Existen grandes similitudes en los materiales de la memoria trabajados y una  continuidad vital entre los años de la infancia poblados de sentidos exacerbados, desbordados de vínculos intensos con la naturaleza vegetal y animal, de acunamientos con cantos y palabras de verdaderas nodrizas y las manifestaciones más elevadas del espíritu humano alcanzadas.  

Posee fuerte significación el que hombres considerados de gran talento creador, en momentos de esplendor de sus vidas, vuelvan al territorio de la infancia  para entender su presente.

La Doctora Dora Pastoriza expresa: “Estamos en una época en la que hay que salvar la capacidad imaginativa del ser humano, que es lo que le salva el alma. No hay pobreza que impida tener lo que no tiene, y buscar lo que quiere tener.”

Paulo Freire  afirma que la lectura del mundo precede a la lectura de la palabra.

“Fui alfabetizado en el suelo de la quinta de mi casa, a la sombra de los mangos, con palabras de mi mundo y no del mundo mayor de mis padres. El suelo fue mi pizarrón ; las ramitas fueron mi lápiz. Es por eso que al llegar a la escuela ya estaba alfabetizado .

“La vuelta a la infancia distante, buscando la comprensión de mi acto de “leer” el mundo particular en el que vivía, me es absolutamente significativa…. “ .Me veo entonces en la casa en que nací , rodeada de árboles, algunos de ellos como si fueran gente; a su sombra jugaba.

Aquel mundo se me daba como el mundo de mi actividad perceptiva y por eso mismo como el mundo de mis primeras lecturas.

 Los “textos”, las “palabras”, las “letras”  de aquel contexto se encarnaban en el canto de los pájaros, … en la danza de las copas de los árboles sopladas por fuertes vientos… Los textos, las palabras, las letras se encarnaban también en el silbo del viento, en las nubes del cielo, en sus colores, en sus movimientos, en el color del follaje, en el aroma de las flores, en la densidad de los árboles, en la cáscara de las frutas ….”

 Un juguete marcó la infancia del poeta granadino Federico García Lorca. Pequeño teatro de títeres con el que jugaba a crear sus primeras obras que fueron celebradas por la familia.

 “ Mi infancia es aprender letras y música con mi madre. Toda mi infancia es pueblo , pastores, campos, cielo, soledad….”

“Las emociones de la  infancia están en mí. Los recuerdos, hasta los de mi más alejada infancia son, en mí, un apasionado tiempo presente … Siendo niño viví en pleno ambiente de naturaleza. Como todos los niños adjudicaba a cada cosa, mueble, objeto, árbol, piedra, su personalidad. Conversaba con ellos y los amaba.
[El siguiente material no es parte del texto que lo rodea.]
section \<open>Gluing across a horizontal line\<close>

lemma has_real_derivative_paste_at:
  fixes g h :: "real \<Rightarrow> real"
  assumes g: "(g has_real_derivative L) (at a)" and h: "(h has_real_derivative L) (at a)"
    and "g a = h a"
  shows "((\<lambda>t. if a < t then h t else g t) has_real_derivative L) (at a)"
proof -
  have "((\<lambda>t. if a < t then h t else g t) has_real_derivative L) (at a within {..a})"
    by (rule has_field_derivative_transform_within[OF has_field_derivative_at_within[OF g] zero_less_one])
       auto
  moreover have "((\<lambda>t. if a < t then h t else g t) has_real_derivative L) (at a within {a..})"
    by (rule has_field_derivative_transform_within[OF has_field_derivative_at_within[OF h] zero_less_one])
       (use \<open>g a = h a\<close> in \<open>auto simp: less_eq_real_def\<close>)
  moreover have "at a = at a within ({..a} \<union> {a..})"
  proof -
    have "{..a} \<union> {a..} = UNIV" by auto
    then show ?thesis by simp
  qed
  ultimately show ?thesis unfolding has_field_derivative_iff by (simp add: Lim_within_Un)
qed

lemma continuous_on_paste_horizontal:
  fixes D :: "(real \<times> real) set"
  assumes "continuous_on (D \<inter> {p. 0 \<le> snd p}) f" "continuous_on (D \<inter> {p. snd p \<le> 0}) g"
    and "\<And>p. p \<in> D \<Longrightarrow> snd p = 0 \<Longrightarrow> f p = g p"
  shows "continuous_on D (\<lambda>p. if 0 < snd p then f p else g p)"
proof -
  have D: "D = D \<inter> {p. 0 \<le> snd p} \<union> D \<inter> {p. snd p \<le> 0}" by (auto simp: not_le less_imp_le)
  have "closedin (top_of_set D) (D \<inter> {p. 0 \<le> snd p})" "closedin (top_of_set D) (D \<inter> {p. snd p \<le> 0})"
    by (intro closedin_closed_Int closed_Collect_le continuous_intros)+
  then show ?thesis
    by (subst D, intro continuous_on_cases_local) (use assms in \<open>auto simp flip: D\<close>)
qed

lemma has_continuous_partials_on_paste_horizontal:
  assumes A: "has_continuous_partials_on (D \<inter> {p. 0 \<le> snd p}) A Ax Ay"
    and B: "has_continuous_partials_on (D \<inter> {p. snd p \<le> 0}) B Bx By"
    and seam: "\<And>x. (x, 0) \<in> D \<Longrightarrow> A (x, 0) = B (x, 0) \<and> Ax (x, 0) = Bx (x, 0) \<and> Ay (x, 0) = By (x, 0)"
  shows "has_continuous_partials_on D (\<lambda>p. if 0 < snd p then A p else B p)
           (\<lambda>p. if 0 < snd p then Ax p else Bx p) (\<lambda>p. if 0 < snd p then Ay p else By p)"
proof -
  let ?U = "\<lambda>p. if 0 < snd p then A p else B p"
  have der: "((\<lambda>t. ?U (t, y)) has_real_derivative (if 0 < y then Ax (x, y) else Bx (x, y))) (at x) \<and>
        ((\<lambda>t. ?U (x, t)) has_real_derivative (if 0 < y then Ay (x, y) else By (x, y))) (at y)"
    if "(x, y) \<in> D" for x y
  proof
    have dA: "((\<lambda>t. A (t, y)) has_real_derivative Ax (x, y)) (at x)"
         "((\<lambda>t. A (x, t)) has_real_derivative Ay (x, y)) (at y)" if "0 \<le> y"
      using A \<open>(x, y) \<in> D\<close> that by (auto simp: has_continuous_partials_on_def)
    have dB: "((\<lambda>t. B (t, y)) has_real_derivative Bx (x, y)) (at x)"
         "((\<lambda>t. B (x, t)) has_real_derivative By (x, y)) (at y)" if "y \<le> 0"
      using B \<open>(x, y) \<in> D\<close> that by (auto simp: has_continuous_partials_on_def)
    show "((\<lambda>t. ?U (t, y)) has_real_derivative (if 0 < y then Ax (x, y) else Bx (x, y))) (at x)"
      using dA(1) dB(1) by (cases "0 < y") simp_all
    show "((\<lambda>t. ?U (x, t)) has_real_derivative (if 0 < y then Ay (x, y) else By (x, y))) (at y)"
    proof (cases y "0::real" rule: linorder_cases)
      case less
      have "((\<lambda>t. ?U (x, t)) has_real_derivative By (x, y)) (at y)"
        by (rule has_field_derivative_transform_within_open[OF dB(2) open_lessThan])
           (use less in auto)
      then show ?thesis using less by simp
    next
      case greater
      have "((\<lambda>t. ?U (x, t)) has_real_derivative Ay (x, y)) (at y)"
        by (rule has_field_derivative_transform_within_open[OF dA(2) open_greaterThan])
           (use greater in auto)
      then show ?thesis using greater by simp
    next
      case equal
      have "((\<lambda>t. B (x, t)) has_real_derivative By (x, 0)) (at 0)"
        "((\<lambda>t. A (x, t)) has_real_derivative By (x, 0)) (at 0)" "B (x, 0) = A (x, 0)"
        using dA(2) dB(2) seam \<open>(x, y) \<in> D\<close> equal by simp_all
      from has_real_derivative_paste_at[OF this] show ?thesis using equal by simp
    qed
  qed
  have seam': "\<And>p. p \<in> D \<Longrightarrow> snd p = 0 \<Longrightarrow> A p = B p \<and> Ax p = Bx p \<and> Ay p = By p"
    using seam by (metis prod.collapse)
  show ?thesis
    unfolding has_continuous_partials_on_def
  proof (intro conjI; (clarify)?)
    show "continuous_on D ?U" "continuous_on D (\<lambda>p. if 0 < snd p then Ax p else Bx p)"
      "continuous_on D (\<lambda>p. if 0 < snd p then Ay p else By p)"
      using A B seam' unfolding has_continuous_partials_on_def
      by (blast intro: continuous_on_paste_horizontal)+
  qed (use der in simp)
qed

lemma open_D2: "open D2"
proof -
  have D2_eq: "D2 = {p. snd p < 0} \<inter> {p. - fst p - 1 < snd p} \<inter> {p. fst p - 1 < snd p}"
    by (auto simp: D2_def)
  show ?thesis unfolding D2_eq by (intro open_Int open_Collect_less continuous_intros)
qed

locale mixed_problem =
  fixes K :: "complex \<Rightarrow> complex" and S :: "complex set" and \<delta> :: real
  assumes open_S: "open S" and holo: "K holomorphic_on S"
    and real_on_reals: "\<And>t. complex_of_real t \<in> S \<Longrightarrow> Im (K (complex_of_real t)) = 0"
    and \<delta>_pos: "0 < \<delta>"
    and strip: "\<And>x y. -1 < x \<Longrightarrow> x < 1 \<Longrightarrow> \<bar>y\<bar> < \<delta> \<Longrightarrow>
                  Complex x y \<in> S \<and> Re (deriv K (Complex x y)) < 0"
begin

definition D1 :: "(real \<times> real) set" where
  "D1 = {(x, y). -1 < x \<and> x < 1 \<and> 0 < y \<and> y < \<delta>}"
Lorca señalaba vínculos entre la percepción de los niños y el deslumbramiento del acto creador: Hay que mirar con ojos de niño y pedir la luna. Hay que pedir la luna y pensar que nos la pueden poner en las manos”.
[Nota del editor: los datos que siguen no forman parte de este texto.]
(* Let $\mathcal{C}$ be a bicomplete category with splitting coproducts and disjoint coproducts. Then every cofibration $c:A\to B$ of the generalized core model structure on $\mathcal{C}$ is isomorphic (as an object under $A$) to a canonical coproduct inclusion $i_1:A\to A\sqcup X$ for some object $X$; i.e. there is an isomorphism $\phi:B\to A\sqcup X$ with $\phi c=i_1$.
   Context: Bicomplete means having all finite limits and finite colimits. The generalized core model structure on $\mathcal{C}$ has weak equivalences the morphisms $f:A\to B$ for which some morphism $B\to A$ exists, cofibrations the morphisms having the left lifting property against all retractions (morphisms $r$ with $rs=1$ for some $s$), and fibrations the morphisms having the right lifting property against all cofibrations that are weak equivalences. Splitting coproducts: every $f:X\to A\sqcup B$ is isomorphic to $f_L\sqcup f_R$ for some $f_L:X_L\to A$, $f_R:X_R\to B$ with $X\cong X_L\sqcup X_R$. Disjoint coproducts: coproduct injections are monic, the pullback of $i_1:A\to A\sqcup B$ and $i_2:B\to A\sqcup B$ is the initial object, and the pullback of $i_1$ along itself (resp. $i_2$ along itself) is $A$ (resp. $B$) with identity maps. *)

theory Defs
  imports Main
begin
 El escritor mexicano Octavio Paz, en oportunidad de recibir en Estocolmo el premio Nobel de Literatura otorgado por la Academia de Suecia dice :

Se confunden mis recuerdos más antiguos y confusos, con el primer llanto, con el primer miedo. Como todos los niños construí puentes imaginarios y afectivos que me unían al mundo y a los otros. Vivía en un pueblo de las afueras de México, en una vieja casa ruinosa con un jardín selvático. Y una gran habitación llena de libros. Primeros juegos, primeros aprendizajes […] El jardín se transformó en el centro del mundo y la biblioteca en caverna encantada […]  El mundo era ilimitado y, no obstante, siempre al alcance de la mano.
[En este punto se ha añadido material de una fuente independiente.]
(* Every nondeterministic constraint logic (NCL) instance that has at least one solution has more than one solution.
   Context: An NCL instance is a 3-regular undirected graph whose edges are colored blue or red, with each vertex incident to either exactly one or exactly three blue edges. A solution is an orientation of its edges such that every vertex has at least one incoming blue edge or at least two incoming red edges. *)

theory Defs
  imports Main
begin

definition cubic_graph :: "'a set \<Rightarrow> 'a set set \<Rightarrow> bool" where
  "cubic_graph V E \<longleftrightarrow> finite V \<and>
     (\<forall>e\<in>E. \<exists>u v. u \<noteq> v \<and> u \<in> V \<and> v \<in> V \<and> e = {u, v}) \<and>
     (\<forall>v\<in>V. card {e\<in>E. v \<in> e} = 3)"

text \<open>An NCL instance: a 3-regular graph whose edges are coloured blue (the
  edges in B) or red (the edges in E - B), every vertex being incident to
  exactly one or exactly three blue edges.\<close>
definition ncl_instance :: "'a set \<Rightarrow> 'a set set \<Rightarrow> 'a set set \<Rightarrow> bool" where
  "ncl_instance V E B \<longleftrightarrow> cubic_graph V E \<and> B \<subseteq> E \<and>
     (\<forall>v\<in>V. card {e\<in>B. v \<in> e} = 1 \<or> card {e\<in>B. v \<in> e} = 3)"

text \<open>An orientation assigns to every edge its head (the endpoint it points to).\<close>
definition orientation :: "'a set set \<Rightarrow> ('a set \<Rightarrow> 'a) \<Rightarrow> bool" where
  "orientation E h \<longleftrightarrow> (\<forall>e\<in>E. h e \<in> e)"

definition ncl_solution :: "'a set \<Rightarrow> 'a set set \<Rightarrow> 'a set set \<Rightarrow> ('a set \<Rightarrow> 'a) \<Rightarrow> bool" where
  "ncl_solution V E B h \<longleftrightarrow> orientation E h \<and>
     (\<forall>v\<in>V. (\<exists>e\<in>B. h e = v) \<or> card {e\<in>E - B. h e = v} \<ge> 2)"

end

theory Submission
  imports Defs
begin

text \<open>Either reversing a single edge of a solution, or reversing all of its edges, gives another
  solution. Suppose the total reversal fails at a vertex v. Every blue edge at v then points
  into v under the original solution, and at most one edge points out of v, so v has at least two
  incoming edges, one of them blue. An incoming edge other than that blue one is superfluous at v,
  and reversing it only adds an incoming edge at its other endpoint: this single reversal is
  again a solution.\<close>

definition incoming :: "'a set set \<Rightarrow> ('a set \<Rightarrow> 'a) \<Rightarrow> 'a \<Rightarrow> 'a set set" where
  "incoming E h v = {e\<in>E. h e = v}"

definition ncl_satisfied :: "'a set set \<Rightarrow> 'a set set \<Rightarrow> bool" where
  "ncl_satisfied B I \<longleftrightarrow> B \<inter> I \<noteq> {} \<or> 2 \<le> card (I - B)"

definition reverse :: "('a set \<Rightarrow> 'a) \<Rightarrow> 'a set \<Rightarrow> 'a" where
  "reverse h e = the_elem (e - {h e})"

lemma cubic_graph_edge:
  assumes "cubic_graph V E" "e \<in> E"
  shows "\<exists>u w. u \<noteq> w \<and> u \<in> V \<and> w \<in> V \<and> e = {u, w}"
  using assms unfolding cubic_graph_def by (elim conjE) (rule bspec)

lemma cubic_graph_card_edge:
  assumes "cubic_graph V E" "e \<in> E"
  shows "card e = 2"
  using cubic_graph_edge[OF assms] by auto

lemma cubic_graph_degree:
  assumes "cubic_graph V E" "v \<in> V"
  shows "card {e\<in>E. v \<in> e} = 3"
  using assms unfolding cubic_graph_def by (elim conjE) (rule bspec)

lemma cubic_graph_finite_edges:
  assumes "cubic_graph V E"
  shows "finite E"
proof (rule finite_subset)
  show "E \<subseteq> Pow V"
    using cubic_graph_edge[OF assms] by blast
  show "finite (Pow V)"
    using assms unfolding cubic_graph_def by simp
qed

lemma reverse_in_edge:
  assumes "card e = 2" "h e \<in> e"
  shows "reverse h e \<in> e" and "reverse h e \<noteq> h e"
    and "x \<in> e \<Longrightarrow> x = reverse h e \<longleftrightarrow> x \<noteq> h e"
proof -
  have "card (e - {h e}) = 1"
    using assms card_ge_0_finite[of e] by (simp add: card_Diff_singleton)
  then obtain y where "e - {h e} = {y}"
    by (rule card_1_singletonE)
  then have "e - {h e} = {reverse h e}"
    by (simp add: reverse_def)
  then show "reverse h e \<in> e" "reverse h e \<noteq> h e" "x \<in> e \<Longrightarrow> x = reverse h e \<longleftrightarrow> x \<noteq> h e"
    by blast+
qed

lemma orientation_reverse:
  assumes "orientation E h" "\<forall>e\<in>E. card e = 2"
  shows "orientation E (reverse h)"
  using assms by (simp add: orientation_def reverse_in_edge(1))

lemma orientation_reverse_edge:
  assumes "orientation E h" "\<forall>e\<in>E. card e = 2"
  shows "orientation E (h(e := reverse h e))"
  using assms by (simp add: orientation_def reverse_in_edge(1))

lemma incoming_subset:
  assumes "orientation E h"
  shows "incoming E h v \<subseteq> {e\<in>E. v \<in> e}"
  using assms unfolding orientation_def incoming_def by auto

lemma incoming_reverse:
  assumes "orientation E h" "\<forall>e\<in>E. card e = 2"
  shows "incoming E (reverse h) v = {e\<in>E. v \<in> e} - incoming E h v"
proof (rule set_eqI)
  fix e
  show "e \<in> incoming E (reverse h) v \<longleftrightarrow> e \<in> {e\<in>E. v \<in> e} - incoming E h v"
  proof (cases "e \<in> E")
    case True
    then have "card e = 2" "h e \<in> e"
      using assms unfolding orientation_def by auto
    then show ?thesis
      using reverse_in_edge(1,2)[of e h] reverse_in_edge(3)[of e h v] by (auto simp: incoming_def)
  qed (simp add: incoming_def)
qed

lemma ncl_solution_iff_satisfied:
  assumes "B \<subseteq> E"
  shows "ncl_solution V E B h \<longleftrightarrow> orientation E h \<and> (\<forall>v\<in>V. ncl_satisfied B (incoming E h v))"
proof -
  have "(\<exists>e\<in>B. h e = v) \<longleftrightarrow> B \<inter> incoming E h v \<noteq> {}" for v
    using assms unfolding incoming_def by auto
  moreover have "{e\<in>E - B. h e = v} = incoming E h v - B" for v
    unfolding incoming_def by auto
  ultimately show ?thesis
    unfolding ncl_solution_def ncl_satisfied_def by simp
qed

lemma ncl_satisfied_mono:
  assumes "ncl_satisfied B I" "I \<subseteq> J" "finite J"
  shows "ncl_satisfied B J"
proof -
  have "card (I - B) \<le> card (J - B)"
    using assms(2,3) by (intro card_mono) auto
  then show ?thesis
    using assms(1,2) unfolding ncl_satisfied_def by auto
qed

lemma superfluous_incoming_edge:
  assumes "3 \<le> card N" "N \<inter> B \<noteq> {}" "I \<subseteq> N" "\<not> ncl_satisfied B (N - I)"
  shows "\<exists>e\<in>I. ncl_satisfied B (I - {e})"
proof -
  have "finite N"
    using assms(1) card.infinite by fastforce
  have no_blue_out: "B \<inter> (N - I) = {}" and "card (N - I - B) < 2"
    using assms(4) unfolding ncl_satisfied_def by auto
  moreover have "N - I - B = N - I"
    using no_blue_out by blast
  ultimately have "card (N - I) \<le> 1"
    by simp
  then have "2 \<le> card I"
    using assms(1,3) \<open>finite N\<close> card_Diff_subset[of I N] finite_subset[of I N] by linarith
  obtain b where b: "b \<in> N \<inter> B"
    using assms(2) by blast
  with no_blue_out have "b \<in> I"
    by blast
  have "\<not> I \<subseteq> {b}"
    using \<open>2 \<le> card I\<close> card_mono[of "{b}" I] by auto
  then obtain e where "e \<in> I" "e \<noteq> b"
    by blast
  then have "ncl_satisfied B (I - {e})"
    using b \<open>b \<in> I\<close> unfolding ncl_satisfied_def by blast
  with \<open>e \<in> I\<close> show ?thesis ..
qed

lemma ncl_solution_reverse_edge:
  assumes "cubic_graph V E" "B \<subseteq> E" "ncl_solution V E B h" "e \<in> E"
    and superfluous: "ncl_satisfied B (incoming E h (h e) - {e})"
  shows "ncl_solution V E B (h(e := reverse h e))"
proof -
  let ?h' = "h(e := reverse h e)"
  have two: "\<forall>e\<in>E. card e = 2"
    using cubic_graph_card_edge[OF assms(1)] by blast
  have ori: "orientation E h" and sat: "\<forall>v\<in>V. ncl_satisfied B (incoming E h v)"
    using assms(3) ncl_solution_iff_satisfied[OF assms(2)] by blast+
  have fin: "finite (incoming E ?h' w)" for w
    using cubic_graph_finite_edges[OF assms(1)] unfolding incoming_def by simp
  have sub: "incoming E h w - {e} \<subseteq> incoming E ?h' w" for w
    unfolding incoming_def by auto
  have "ncl_satisfied B (incoming E ?h' w)" if "w \<in> V" for w
  proof (cases "w = h e")
    case True
    show ?thesis
      using ncl_satisfied_mono[OF superfluous sub fin] unfolding True .
  next
    case False
    then have "incoming E h w - {e} = incoming E h w"
      unfolding incoming_def by auto
    then show ?thesis
      using ncl_satisfied_mono[OF _ sub[of w] fin] sat \<open>w \<in> V\<close> by simp
  qed
  moreover have "orientation E ?h'"
    using orientation_reverse_edge[OF ori two] .
  ultimately show ?thesis
    using ncl_solution_iff_satisfied[OF assms(2)] by blast
qed

lemma ncl_solution_reverse_edge_or_reverse:
  assumes "cubic_graph V E" "B \<subseteq> E" "\<forall>v\<in>V. \<exists>e\<in>B. v \<in> e" "ncl_solution V E B h"
  shows "(\<exists>e\<in>E. ncl_solution V E B (h(e := reverse h e))) \<or> ncl_solution V E B (reverse h)"
proof (rule disjCI)
  assume not_solution: "\<not> ncl_solution V E B (reverse h)"
  have two: "\<forall>e\<in>E. card e = 2"
    using cubic_graph_card_edge[OF assms(1)] by blast
  have ori: "orientation E h"
    using assms(4) ncl_solution_iff_satisfied[OF assms(2)] by blast
  have "orientation E (reverse h)"
    using orientation_reverse[OF ori two] .
  with not_solution obtain v where "v \<in> V"
    and fails: "\<not> ncl_satisfied B (incoming E (reverse h) v)"
    unfolding ncl_solution_iff_satisfied[OF assms(2)] by blast
  let ?N = "{e\<in>E. v \<in> e}"
  let ?I = "incoming E h v"
  have degree: "3 \<le> card ?N"
    using cubic_graph_degree[OF assms(1) \<open>v \<in> V\<close>] by simp
  have blue: "?N \<inter> B \<noteq> {}"
    using assms(2,3) \<open>v \<in> V\<close> by blast
  have "\<not> ncl_satisfied B (?N - ?I)"
    using fails unfolding incoming_reverse[OF ori two] .
  then obtain e where "e \<in> ?I" "ncl_satisfied B (?I - {e})"
    using superfluous_incoming_edge[OF degree blue incoming_subset[OF ori]] by blast
  then have "e \<in> E" "ncl_satisfied B (incoming E h (h e) - {e})"
    unfolding incoming_def by auto
  then show "\<exists>e\<in>E. ncl_solution V E B (h(e := reverse h e))"
    using ncl_solution_reverse_edge[OF assms(1,2,4)] by blast
qed

lemma ncl_instance_blue_edge:
  assumes "ncl_instance V E B" "v \<in> V"
  shows "\<exists>e\<in>B. v \<in> e"
proof -
  have "card {e\<in>B. v \<in> e} \<noteq> 0"
    using assms unfolding ncl_instance_def by auto
  then have "{e\<in>B. v \<in> e} \<noteq> {}"
    by (metis card.empty)
  then show ?thesis
    by blast
qed

theorem mainTheorem18:
  fixes V :: "'a set" and E B :: "'a set set" and h :: "'a set \<Rightarrow> 'a"
  assumes "ncl_instance V E B"
    and "V \<noteq> {}"
    and "ncl_solution V E B h"
  shows "\<exists>h'. ncl_solution V E B h' \<and> (\<exists>e\<in>E. h' e \<noteq> h e)"
proof -
  have cubic: "cubic_graph V E" and "B \<subseteq> E"
    using assms(1) unfolding ncl_instance_def by blast+
  have blue: "\<forall>v\<in>V. \<exists>e\<in>B. v \<in> e"
    using ncl_instance_blue_edge[OF assms(1)] by blast
  have ori: "orientation E h"
    using assms(3) unfolding ncl_solution_def by blast
  have differs: "reverse h e \<noteq> h e" if "e \<in> E" for e
  proof (rule reverse_in_edge(2))
    show "card e = 2"
      using cubic_graph_card_edge[OF cubic that] .
    show "h e \<in> e"
      using ori that unfolding orientation_def by blast
  qed
  obtain e where "e \<in> E"
    using blue \<open>B \<subseteq> E\<close> assms(2) by blast
  show ?thesis
    using ncl_solution_reverse_edge_or_reverse[OF cubic \<open>B \<subseteq> E\<close> blue assms(3)]
  proof
    assume "\<exists>e\<in>E. ncl_solution V E B (h(e := reverse h e))"
    then show ?thesis
      using differs by fastforce
  next
    assume "ncl_solution V E B (reverse h)"
    then show ?thesis
      using differs \<open>e \<in> E\<close> by blast
  qed
qed

end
El aprendizaje de la intimidad y la pertenencia, la apropiación de un espacio real como espacio  personal, se reiteran  en las experiencias de vida relatadas. 

Si se quiere preparar a los niños en forma adecuada para los aprendizajes de la vida, la familia debe recuperar su voz, que se expresa en abrazos, caricias, besos, ternura hacia los hijos.

Hay que recuperar la voz de la familia porque los medios de comunicación, principalmente la televisión, la ha debilitado; prácticamente la tiene acorralada, porque ante la ausencia de los padres se han reducido las posibilidades de compartir los espacios, los tiempos, los rituales cotidianos.

 Debe aparecer, entonces, el rescate de la oralidad en la familia que, en términos corrientes, significa que los padres descubran los temas y situaciones que provoquen las conversaciones con los hijos, que se rescate las tertulias alrededor del alimento, que los intereses familiares nuevamente estén interrelacionados, que se recree el “calor del hogar”.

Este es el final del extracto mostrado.